(* Let $k\le l$ be positive integers with $\gcd(k,l)=1$, let $n\ge1$ and $m\ge0$ be integers, and write $m=qn+r$ with integers $q\ge 0$, $0\le r<n$. Then $$U^{k,l}(m,n)= \max\bigl(nkq,\ nkq+r(k+l)-nl\bigr).$$
   Context: $\mathcal D^{k,l}(m,n)$ denotes the set of all $nk\times nl$ matrices with nonnegative integer entries all of whose row sums equal $ml$ and all of whose column sums equal $mk$. For an $s\times t$ matrix $A=(a_{ij})$ with $s\le t$, a transversal of $A$ is a set of entries $T=\{a_{1i_1},\dots,a_{si_s}\}$ with $i_1,\dots,i_s\in\{1,\dots,t\}$ pairwise distinct, and $|T|=a_{1i_1}+\cdots+a_{si_s}$. Define ${\rm tropdet}(A)=\min_T|T|$ over all transversals $T$ of $A$, and $U^{k,l}(m,n)=\max_{A\in\mathcal D^{k,l}(m,n)}{\rm tropdet}(A)$. *)

theory Defs
  imports Main
begin

(* An s x t matrix with nonnegative integer entries is a function
   A :: nat => nat => nat, entry (i,j) being A i j for i < s, j < t.
   Indices run from 0. *)

definition transversals :: "nat \<Rightarrow> nat \<Rightarrow> (nat \<Rightarrow> nat) set" where
  "transversals s t = {\<sigma>. \<sigma> ` {0..<s} \<subseteq> {0..<t} \<and> inj_on \<sigma> {0..<s}}"

definition tropdet :: "nat \<Rightarrow> nat \<Rightarrow> (nat \<Rightarrow> nat \<Rightarrow> nat) \<Rightarrow> nat" where
  "tropdet s t A = Min {(\<Sum>i<s. A i (\<sigma> i)) | \<sigma>. \<sigma> \<in> transversals s t}"

(* D^{k,l}(m,n): nk x nl nonnegative integer matrices, row sums ml, column sums mk.
   Entries outside the index range are normalised to 0 so each matrix has a
   unique representative. *)
definition Dkl :: "nat \<Rightarrow> nat \<Rightarrow> nat \<Rightarrow> nat \<Rightarrow> (nat \<Rightarrow> nat \<Rightarrow> nat) set" where
  "Dkl k l m n = {A. (\<forall>i j. (i \<ge> n*k \<or> j \<ge> n*l) \<longrightarrow> A i j = 0)
      \<and> (\<forall>i<n*k. (\<Sum>j<n*l. A i j) = m*l)
      \<and> (\<forall>j<n*l. (\<Sum>i<n*k. A i j) = m*k)}"

definition Ukl :: "nat \<Rightarrow> nat \<Rightarrow> nat \<Rightarrow> nat \<Rightarrow> nat" where
  "Ukl k l m n = Max {tropdet (n*k) (n*l) A | A. A \<in> Dkl k l m n}"

end

theory Submission
  imports Defs
begin

text \<open>
  Upper bound: pad a matrix of \<open>Dkl k l m n\<close> with \<open>n(l - k)\<close> zero rows. By Egervary's
  theorem, derived here from Hall's marriage theorem, its tropical determinant is at most
  \<open>\<Sum>u + \<Sum>v\<close> for a dual pair with \<open>u\<^sub>i + v\<^sub>j \<le> a\<^sub>i\<^sub>j\<close>. Put \<open>L = max u + max v\<close>, the first
  maximum over the genuine rows: a maximal row and a maximal column give
  \<open>\<Sum>u + \<Sum>v \<le> m(k + l) - nl L\<close>, and the padded rows give \<open>\<Sum>u + \<Sum>v \<le> nk L\<close>.
  The cases \<open>L \<le> q\<close> and \<open>L \<ge> q + 1\<close> yield the two terms of the maximum.

  Lower bound: adding \<open>q\<close> to every entry of an integral transportation plan with row sums \<open>rl\<close>
  and column sums \<open>rk\<close> gives tropical determinant at least \<open>nkq\<close>. If \<open>r(k + l) > nl\<close>, write
  \<open>n = 2c + d\<close>, \<open>r = c + d\<close> and use a plan supported on two diagonal blocks with all entries
  positive there; a transversal leaves these blocks in at most \<open>ck + cl\<close> rows.
\<close>

section \<open>Hall's marriage theorem\<close>

definition hall_condition :: "'a set \<Rightarrow> ('a \<Rightarrow> 'b set) \<Rightarrow> bool" where
  "hall_condition I A \<longleftrightarrow> (\<forall>J\<subseteq>I. card J \<le> card (\<Union>(A ` J)))"

lemma hall_condition_subset: "hall_condition I A \<Longrightarrow> J \<subseteq> I \<Longrightarrow> hall_condition J A"
  unfolding hall_condition_def by blast

lemma hall_condition_remove_critical:
  assumes "finite I" "\<forall>i\<in>I. finite (A i)" "hall_condition I A"
    and "J \<subseteq> I" "card (\<Union>(A ` J)) \<le> card J"
  shows "hall_condition (I - J) (\<lambda>i. A i - \<Union>(A ` J))"
  unfolding hall_condition_def
proof (intro allI impI)
  fix L assume L: "L \<subseteq> I - J"
  have fin: "finite L" "finite J" using L assms(1,4) finite_subset by blast+
  have "finite (\<Union>(A ` (L \<union> J)))" using fin L assms(2,4) by blast
  then have "card (\<Union>(A ` (L \<union> J)) - \<Union>(A ` J)) = card (\<Union>(A ` (L \<union> J))) - card (\<Union>(A ` J))"
    by (intro card_Diff_subset) (auto intro: finite_subset)
  moreover have "card (L \<union> J) \<le> card (\<Union>(A ` (L \<union> J)))"
    using L assms(4) by (intro assms(3)[unfolded hall_condition_def, rule_format]) blast
  moreover have "card (L \<union> J) = card L + card J"
    using L fin by (intro card_Un_disjoint) auto
  moreover have "(\<Union>i\<in>L. A i - \<Union>(A ` J)) = \<Union>(A ` (L \<union> J)) - \<Union>(A ` J)" by blast
  ultimately show "card L \<le> card (\<Union>i\<in>L. A i - \<Union>(A ` J))" using assms(5) by simp
qed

────────────────────────────────────────

**Aim of the task:**
Copy, from the material above, each line in which the string "using" occurs.

**Task output:**
  have fin: "finite L" "finite J" using L assms(1,4) finite_subset by blast+
  have "finite (\<Union>(A ` (L \<union> J)))" using fin L assms(2,4) by blast
    using L assms(4) by (intro assms(3)[unfolded hall_condition_def, rule_format]) blast
    using L fin by (intro card_Un_disjoint) auto
  ultimately show "card L \<le> card (\<Union>i\<in>L. A i - \<Union>(A ` J))" using assms(5) by simp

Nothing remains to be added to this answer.